It’s Getting Better

Published: May 6, 2020

By Jim Lichtman
Read More

Continuing to share local individuals’ experiences with the Covid-19 virus, and the quarantine orders issued by California state governor Gavin Newsom, Maureen (Mo) Masson worked as a private duty nurse in Los Angeles before joining the Air National Guard to help treat burn patients returning from Vietnam. Her last military assignment was in Desert Shield before retiring in 1992 as a Lieutenant Colonel.

For Masson, the virus came with emotional as well as physical pain.

“I’ve got three events that have colored my life, recently: the loss of a dear friend, Gus, of 40 years whose friendship made me a whole person, (now I’m half); a new knee which has pain, physical limitations and requires some physical therapy; and an undiagnosed pulmonary problem requiring six weeks of inactivity and oxygen 24/7. While I’ve recovered from that illness, it has given me some worry,” Masson says.

“My get up and go spirit has been diminished which has made it easier to be quarantined. TV, computer solitaire, music, newspaper, phone calls have kept me emotionally satisfied. I would like to do my art – oils, pastels – but don’t have the concentration necessary to be able to get it all together which is the same problem with reading a book, of which I have hundreds.

“The grief is never-ending,” she confides, “and I keep thinking of things I have to call Gus about, waiting for him to call or come over. But it’s getting better.

“Being a nurse, I’m smart enough to know that I have to get some physical exercise so I’m walking three miles a day. I realize that it’s imperative to take care not to get sick with a cold or worse. Lack of sleep due to knee pain is getting better.

“I’ve taken great care to be aware of the limitations necessary when with friends, and I’ve decided my once a week dinner at a friend’s home is safe and necessary.”

In a phone call, Mo said that she played 18 holes of golf yesterday. It was one player to a cart and everyone wore masks. Oh, and she shot a 95 after not picking up a club in three months.

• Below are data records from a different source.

theorem lemma2:
  fixes V :: "'a set" and G :: "'a \<Rightarrow> 'a \<Rightarrow> bool"
    and N :: "'b set" and E :: "'b \<Rightarrow> 'b \<Rightarrow> bool" and S :: "'a \<Rightarrow> 'b set"
  assumes "graph V G"
    and "radial_subtree_model V G N E S"
  shows "leaf_power V G"
proof -
  have T: "tree N E" and adj: "\<And>u v. u \<in> V \<Longrightarrow> v \<in> V \<Longrightarrow> u \<noteq> v \<Longrightarrow> S u \<inter> S v \<noteq> {} \<longleftrightarrow> G u v"
    using assms(2) unfolding radial_subtree_model_def subtree_model_def by blast+
  have "\<forall>v\<in>V. \<exists>c. c \<in> N \<and> (\<exists>r. S v = {t \<in> N. tdist E c t \<le> r})"
    using assms(2) unfolding radial_subtree_model_def by blast
  from bchoice[OF this] obtain c
    where c: "\<forall>v\<in>V. c v \<in> N \<and> (\<exists>r. S v = {t \<in> N. tdist E (c v) t \<le> r})" ..
  then have "\<forall>v\<in>V. \<exists>r. S v = {t \<in> N. tdist E (c v) t \<le> r}" by blast
  from bchoice[OF this] obtain r where "\<forall>v\<in>V. S v = {t \<in> N. tdist E (c v) t \<le> r v}" ..
  with c have centre: "c v \<in> N" and ball: "S v = {t \<in> N. tdist E (c v) t \<le> r v}"
    if "v \<in> V" for v
    using that by blast+
  have G_iff: "G u v \<longleftrightarrow> tdist E (c u) (c v) \<le> r u + r v" if "u \<in> V" "v \<in> V" "u \<noteq> v" for u v
    using adj[OF that] ball[OF that(1)] ball[OF that(2)] tree_balls_intersect_iff[OF T] centre that
    by simp
  show ?thesis using leaf_power_if_ball_model[OF T graphD(1,2)[OF assms(1)] centre G_iff] .
qed

end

Dan Fishbein and his wife, Cynthie TinOo.

After becoming a physician, Daniel Fishbein served as the Chief of the Epidemiology Section and acting Chief of the Viral and Rickettsial Zoonoses Branch, Division of Viral Disease, where he led CDC’s efforts on human and animal rabies control and developed expertise in health economics.

In 1991, Fishbein moved to CDC’s Division of International Health where he was the Coordinator of Scientific Studies and then the Associate Chief for Science, training, and assisting young epidemiologists in 18 countries on designing, conducting, and reporting the results of public health investigations.

Retired, Dan validates Masson’s recent outdoor activity.

“While remaining indoors with the people we live with is clearly the best strategy to prevent COVID-19 infections, we all know that, for countless reasons, this is not a viable long-term option,” Fishbein writes.

“As approaches to ease shelter-in-place guidance are discussed, we urge that public health authorities consider the likelihood that, all other things being equal, our chances of getting COVID-19 are lower when we are outdoors than indoors. Even more importantly, we are in many ways much better off outdoors.”